Line segments $r_1, r_2$ starting from a common origin (either overlapping on same side, or placed opposite sides of origin) have a constant product $ =\pm T^2$ by rotation of the entire common line about origin as pole.
What condition was implied by Euclid in geometric configuration/setting so we add it (plug it in) to derive equation of a Circle ?
EDIT 1:
Any number of curves can be constructed to have a constant geometric mean of radial segments.
To illustrate what I mean instead of a circle I am taking a simple example of a "returning" curve (tangent going through origin) as:
$$ r^2 - a^2 \psi = T^2 = r_1 \cdot r_2 \tag{1} $$
where $r_1,r_2 $ reach up to the curve from origin at same $ \theta$ , $ \psi $ is angle between radius vector and arc tangent.

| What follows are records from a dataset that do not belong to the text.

definition schreier_to_target :: "schreier_index \<Rightarrow> tgt_gen word" where
  "schreier_to_target s = (case s of ((p, q), g) \<Rightarrow> (case p of
      E0 \<Rightarrow> (case q of
          E0 \<Rightarrow> (case g of GS1 \<Rightarrow> [] | GS2 \<Rightarrow> [] | GR1 \<Rightarrow> [] | GR2 \<Rightarrow> [])
        | E1 \<Rightarrow> (case g of GS1 \<Rightarrow> [(Tf 2, False), (Tx, True), (Tq, True)] | GS2 \<Rightarrow> [] | GR1 \<Rightarrow> [] | GR2 \<Rightarrow> [])
        | E2 \<Rightarrow> (case g of GS1 \<Rightarrow> [(Tx, True)] | GS2 \<Rightarrow> [(Tx, True), (Tx, True), (Ty, True), (Tv, False)] | GR1 \<Rightarrow> [] | GR2 \<Rightarrow> [])
        | E3 \<Rightarrow> (case g of GS1 \<Rightarrow> [(Tf 0, True)] | GS2 \<Rightarrow> [(Tf 1, True)] | GR1 \<Rightarrow> [] | GR2 \<Rightarrow> [])
        | E4 \<Rightarrow> (case g of GS1 \<Rightarrow> [(Tb, True)] | GS2 \<Rightarrow> [(Ta, True), (Tf 1, False), (Tf 0, True)] | GR1 \<Rightarrow> [] | GR2 \<Rightarrow> [])
        | E5 \<Rightarrow> (case g of GS1 \<Rightarrow> [(Tv, True), (Tf 2, True)] | GS2 \<Rightarrow> [(Tv, True)] | GR1 \<Rightarrow> [] | GR2 \<Rightarrow> []))
    | E1 \<Rightarrow> (case q of
          E0 \<Rightarrow> (case g of GS1 \<Rightarrow> [] | GS2 \<Rightarrow> [] | GR1 \<Rightarrow> [] | GR2 \<Rightarrow> [])
        | E1 \<Rightarrow> (case g of GS1 \<Rightarrow> [(Tq, False), (Tx, False), (Tf 2, True)] | GS2 \<Rightarrow> [] | GR1 \<Rightarrow> [] | GR2 \<Rightarrow> [])
        | E2 \<Rightarrow> (case g of GS1 \<Rightarrow> [(Tx, False)] | GS2 \<Rightarrow> [(Tx, True), (Ty, True), (Tf 2, True)] | GR1 \<Rightarrow> [] | GR2 \<Rightarrow> [])
        | E3 \<Rightarrow> (case g of GS1 \<Rightarrow> [(Tf 0, False)] | GS2 \<Rightarrow> [(Tf 0, False), (Tf 1, True), (Tb, True)] | GR1 \<Rightarrow> [] | GR2 \<Rightarrow> [])
        | E4 \<Rightarrow> (case g of GS1 \<Rightarrow> [(Tb, False)] | GS2 \<Rightarrow> [(Tb, False), (Ta, True), (Tb, True), (Tf 1, False)] | GR1 \<Rightarrow> [] | GR2 \<Rightarrow> [])
        | E5 \<Rightarrow> (case g of GS1 \<Rightarrow> [(Tf 2, False), (Tv, False)] | GS2 \<Rightarrow> [(Tf 2, False), (Tx, True), (Ty, True), (Tx, True), (Tq, True), (Tv, True), (Ty, False), (Tx, False), (Tx, False)] | GR1 \<Rightarrow> [] | GR2 \<Rightarrow> []))
    | E2 \<Rightarrow> (case q of
          E0 \<Rightarrow> (case g of GS1 \<Rightarrow> [] | GS2 \<Rightarrow> [] | GR1 \<Rightarrow> [] | GR2 \<Rightarrow> [])
        | E1 \<Rightarrow> (case g of GS1 \<Rightarrow> [(Tf 2, False), (Tx, True), (Tq, True), (Tv, True), (Tx, False)] | GS2 \<Rightarrow> [] | GR1 \<Rightarrow> [(Tf 1, True), (Ta, False)] | GR2 \<Rightarrow> [])
        | E2 \<Rightarrow> (case g of GS1 \<Rightarrow> [] | GS2 \<Rightarrow> [(Tv, True), (Ty, False), (Tx, False), (Tx, False)] | GR1 \<Rightarrow> [] | GR2 \<Rightarrow> [])
        | E3 \<Rightarrow> (case g of GS1 \<Rightarrow> [] | GS2 \<Rightarrow> [(Tf 1, False)] | GR1 \<Rightarrow> [] | GR2 \<Rightarrow> [])
        | E4 \<Rightarrow> (case g of GS1 \<Rightarrow> [(Tf 0, False), (Tf 1, True), (Tb, True)] | GS2 \<Rightarrow> [(Tf 0, False), (Tf 1, True), (Ta, False)] | GR1 \<Rightarrow> [] | GR2 \<Rightarrow> [])
        | E5 \<Rightarrow> (case g of GS1 \<Rightarrow> [(Tx, True), (Ty, True), (Tf 2, True)] | GS2 \<Rightarrow> [(Tv, False)] | GR1 \<Rightarrow> [] | GR2 \<Rightarrow> []))
    | E3 \<Rightarrow> (case q of
          E0 \<Rightarrow> (case g of GS1 \<Rightarrow> [] | GS2 \<Rightarrow> [] | GR1 \<Rightarrow> [] | GR2 \<Rightarrow> [])
        | E1 \<Rightarrow> (case g of GS1 \<Rightarrow> [(Tv, True)] | GS2 \<Rightarrow> [] | GR1 \<Rightarrow> [(Tf 0, False), (Tf 1, True), (Ta, False)] | GR2 \<Rightarrow> [])
        | E2 \<Rightarrow> (case g of GS1 \<Rightarrow> [] | GS2 \<Rightarrow> [(Tf 2, False), (Ty, False), (Tx, False)] | GR1 \<Rightarrow> [] | GR2 \<Rightarrow> [])
        | E3 \<Rightarrow> (case g of GS1 \<Rightarrow> [] | GS2 \<Rightarrow> [(Tb, False), (Tf 1, False), (Tf 0, True)] | GR1 \<Rightarrow> [] | GR2 \<Rightarrow> [])
        | E4 \<Rightarrow> (case g of GS1 \<Rightarrow> [(Tf 1, True)] | GS2 \<Rightarrow> [(Tf 1, True), (Tb, False), (Ta, False), (Tb, True)] | GR1 \<Rightarrow> [] | GR2 \<Rightarrow> [])
        | E5 \<Rightarrow> (case g of GS1 \<Rightarrow> [(Tx, True), (Tx, True), (Ty, True), (Tv, False)] | GS2 \<Rightarrow> [(Tx, True), (Tx, True), (Ty, True), (Tv, False), (Tq, False), (Tx, False), (Ty, False), (Tx, False), (Tf 2, True)] | GR1 \<Rightarrow> [] | GR2 \<Rightarrow> []))
    | E4 \<Rightarrow> (case q of
          E0 \<Rightarrow> (case g of GS1 \<Rightarrow> [] | GS2 \<Rightarrow> [] | GR1 \<Rightarrow> [(Ta, True), (Tf 1, False)] | GR2 \<Rightarrow> [(Ta, True), (Tf 1, False)])
        | E1 \<Rightarrow> (case g of GS1 \<Rightarrow> [(Tx, True), (Tv, False), (Tq, False), (Tx, False), (Tf 2, True)] | GS2 \<Rightarrow> [(Tx, True)] | GR1 \<Rightarrow> [] | GR2 \<Rightarrow> [])
        | E2 \<Rightarrow> (case g of GS1 \<Rightarrow> [] | GS2 \<Rightarrow> [(Tv, True), (Tf 2, True)] | GR1 \<Rightarrow> [] | GR2 \<Rightarrow> [(Tf 0, False), (Tf 1, True), (Ta, False)])
        | E3 \<Rightarrow> (case g of GS1 \<Rightarrow> [] | GS2 \<Rightarrow> [(Tb, True)] | GR1 \<Rightarrow> [] | GR2 \<Rightarrow> [])
        | E4 \<Rightarrow> (case g of GS1 \<Rightarrow> [(Tb, False), (Tf 1, False), (Tf 0, True)] | GS2 \<Rightarrow> [] | GR1 \<Rightarrow> [] | GR2 \<Rightarrow> [])
        | E5 \<Rightarrow> (case g of GS1 \<Rightarrow> [(Tf 2, False), (Ty, False), (Tx, False)] | GS2 \<Rightarrow> [(Tf 2, False), (Tx, True), (Tq, True)] | GR1 \<Rightarrow> [] | GR2 \<Rightarrow> []))
    | E5 \<Rightarrow> (case q of
          E0 \<Rightarrow> (case g of GS1 \<Rightarrow> [] | GS2 \<Rightarrow> [] | GR1 \<Rightarrow> [(Ta, True), (Tf 1, False), (Tf 0, True)] | GR2 \<Rightarrow> [(Ta, True), (Tf 1, False), (Tf 0, True)])
        | E1 \<Rightarrow> (case g of GS1 \<Rightarrow> [(Tv, False)] | GS2 \<Rightarrow> [(Tx, False)] | GR1 \<Rightarrow> [] | GR2 \<Rightarrow> [])
        | E2 \<Rightarrow> (case g of GS1 \<Rightarrow> [] | GS2 \<Rightarrow> [(Tf 2, False), (Tv, False)] | GR1 \<Rightarrow> [] | GR2 \<Rightarrow> [(Tf 1, True), (Ta, False)])
        | E3 \<Rightarrow> (case g of GS1 \<Rightarrow> [] | GS2 \<Rightarrow> [(Tb, False)] | GR1 \<Rightarrow> [] | GR2 \<Rightarrow> [])
        | E4 \<Rightarrow> (case g of GS1 \<Rightarrow> [(Tf 1, False)] | GS2 \<Rightarrow> [] | GR1 \<Rightarrow> [] | GR2 \<Rightarrow> [])
        | E5 \<Rightarrow> (case g of GS1 \<Rightarrow> [(Tv, True), (Ty, False), (Tx, False), (Tx, False)] | GS2 \<Rightarrow> [(Tq, False), (Tx, False), (Tf 2, True)] | GR1 \<Rightarrow> [] | GR2 \<Rightarrow> []))))"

Differentiate with respect to arc, using $ dr/ds = \cos \psi,$
$$ \psi^{\prime} = 2 r \cos \psi/a^2 ;\quad \psi^{\prime \prime}= \cos \psi ^2 - r \sin \psi \cdot \psi^{\prime}\tag{2} $$
$ \psi $ is angle between radius vector and arc tangent
Taking constants $ a=1, T= 2 $ and corresponding boundary conditions when we integrate last second order ODE as $ \theta =0, r_i= \sqrt 6, \psi_i= 1$, the desired curve appears as follows with
$$r_1 \cdot r_2 = T^2 \tag{3} $$ everywhere:
EDIT2:
The curve for case $$ T^2 < 0 , \,T^2 = -1.6, \, a=1,\,\theta_i=0, \,r_i=1,\, \psi_i = 1.3 \,rad \tag{4} $$
turns out to be a non-recursive spiral, added below.
EDIT 3:
The ODE of a standard eccentric circle radius $a$ is given by
$$ \frac{\sin \psi} {r} = \frac{1}{2a} (1-\frac{T^2}{r^2}) \tag{5} $$
In order to investigate further what Euclid may have implied and to investigate further the behavior at nose of curve $T= 2$ ( green curve), I have next taken a changed "linear" ODE in the following form:
$$ \frac{\psi_k} {r_k} = \frac{1}{2a} (1 -\frac{T_k^2}{r_k^2}) \tag{6}$$
They all have same power $ \pm T^2$ periodic with $2 \pi a $ radial width.
and obtained a $(k)$ series of concentric "eel" shaped curves of constant width $ 2 \pi a$ between two concentric circles for positive power $T^2$(red). For negative power, $-T^2$ (blue) the curve behavior is similar but how extreme radii values form are still not clear.